Perspective: These butts don’t lie

More pressure needs to be put on the cigarette manufacturers to create biodegradable filters or simply be done with them completely.

No one even vaguely environmentally conscious uses plastic straws anymore (there are valid exceptions, the disabled, elderly or ill may still need to use them).

But for most of us, do so and you are sure to receive filthy looks over the top of your iced coffee. Straws are fast becoming the new fur coats of this generation.

Wear one and you were practically begging a greenie to attack you with a tin of paint. Now it’s the same with straws. The alternatives are super trendy too. You can choose from bamboo, reed, glass or metal, and get a nifty pouch to store them in your handbag.

But straws are so last week. I recently discovered that the real enemy are cigarette butts.

How you may wonder did I stumble on this discovery? Actually I have my 11 month old son to thank. Ruben is in the crawling/ puts everything and anything revolting into his mouth stage. Cigarette butts being his poison of choice!

I must visit Townsend park at least twice a week with my boys and to my horror I have discovered hundreds and thousands of cigarette filters hiding in the grass. Or I should say, Ruben discovers them. It is too revolting.

This 1964 advert for Viceroy cigarettes tells us the filter gives “the taste that’s right”.

So now when I go anywhere with him I first pull out a bag and enlist my three year old to help me de-butt the area before we play.

It’s like the star fish story in reverse. I imagine every smoker who flicks their little filter off into the air thinks that the little butt is too small to make a difference – but the combined effect is horrifying.
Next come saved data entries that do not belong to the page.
(* Let $\delta\in(0,1/2)$ and $x\in\overline{\mathbb{D}}_{1-\delta}$. Then $x$ can be mapped to any other point of $\overline{\mathbb{D}}_{1-\delta}$ by a $K$-quasiconformal homeomorphism of $\overline{\mathbb{D}}$ equal to the identity on $\partial\mathbb{D}$ with $K=O((\log\delta)^2)$, with a universal implicit constant.
   Context: $\mathbb{D}_r$ denotes the open disk of radius $r$ centered at $0$, $\mathbb{D}=\mathbb{D}_1$. *)

theory Defs
  imports "HOL-Analysis.Analysis"
begin

text \<open>Quasiconformality is given by the standard analytic definition:
  a homeomorphism in the Sobolev class \<open>W^{1,2}_loc\<close> whose weak complex
  derivatives satisfy the Beltrami inequality
  \<open>|f_zbar| \<le> k |f_z|\<close> a.e., with \<open>k = (K-1)/(K+1)\<close>.\<close>

definition dx :: "(complex \<Rightarrow> real) \<Rightarrow> complex \<Rightarrow> real" where
  "dx \<phi> z = frechet_derivative \<phi> (at z) 1"

definition dy :: "(complex \<Rightarrow> real) \<Rightarrow> complex \<Rightarrow> real" where
  "dy \<phi> z = frechet_derivative \<phi> (at z) \<i>"

definition test_fun :: "complex set \<Rightarrow> (complex \<Rightarrow> real) \<Rightarrow> bool" where
  "test_fun U \<phi> \<longleftrightarrow>
     (\<forall>z. \<phi> differentiable (at z)) \<and>
     continuous_on UNIV (dx \<phi>) \<and> continuous_on UNIV (dy \<phi>) \<and>
     compact (closure {z. \<phi> z \<noteq> 0}) \<and> closure {z. \<phi> z \<noteq> 0} \<subseteq> U"

definition L2_loc :: "complex set \<Rightarrow> (complex \<Rightarrow> complex) \<Rightarrow> bool" where
  "L2_loc U g \<longleftrightarrow> set_borel_measurable lborel U g \<and>
     (\<forall>C. compact C \<and> C \<subseteq> U \<longrightarrow> set_integrable lborel C (\<lambda>z. (cmod (g z))\<^sup>2))"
I did a bit of reading up on the effect all these cigarette butts are having on the environment and I was shocked by what I discovered.

The number one man-made contaminant in the world’s oceans is apparently the cigarette butt.

Since 1986 cigarette butts have been the most collected item on ocean beaches during campaigns organised by The Ocean Conservancy (one-third of all collected items).

Worldwide, about 10 million cigarettes are bought every minute. Upwards of five trillion filters, filled with toxic chemicals, make their way into our environment as discarded waste every year.

Even more nauseating is that the source of the problem, the filter, apparently has little to no health benefit to smokers.

Has that sunk in yet? The number one man-made contaminant in the world’s oceans has no real purpose.

It is simply a publicity stunt.

Thomas Novotny, a professor of public health at San Diego State University is among those campaigning to have the filters banned.

“It’s pretty clear there is no health benefit from filters. They are just a marketing tool. And they make it easier for people to smoke,” states Novotny.

It all started in the 1950’s when the first real fears of lung cancer emerged.

Cigarette designers were initially trying to reduce some of the most dangerous substances in mainstream smoke.

This was when the now ubiquitous cellulose acetate cigarette filter was developed (it looks white cotton but it is actually a form of plastic and takes decades to decompose).

By the mid-1960s cigarette designers realised that they could not get around one big problem: the substance in tobacco smoke that gives pleasure and satisfaction is essentially the same substance that kills you.

The incredible claims of cigarette manufacturers in the 50’s and 60’s.

The agenda of cigarette manufacturers changed to creating a perception that filters reduced its harmful effects. And it worked.

Even more alarming, studies are now saying that filters actually increase your chances of getting lung cancer.

Filters reduce tar and let more air in, but the increased ventilation and slower tobacco burn result in more puffs per cigarette and more toxic cancer-causing chemicals being inhaled.

Used cigarette filters are also full of toxins which pollute our environment.

Research by Clean Virginia Waterways in the US found that just one cigarette butt in about eight litres of water is lethal to water fleas, a tiny crustacean found in fresh and saltwater.

And those tiny bits of tobacco left attached to cigarette filters carry more toxins than the filters themselves.

Campaigns to rid society of these dirty filters are beginning to gain momentum world-wide.

But more pressure needs to be put on the cigarette manufacturers to create biodegradable filters or simply be done with them completely. Enough excuses already!

Which reminds me of what my mom used to say to me when I began arguing with her as a teenager: “Young lady, no more buts!”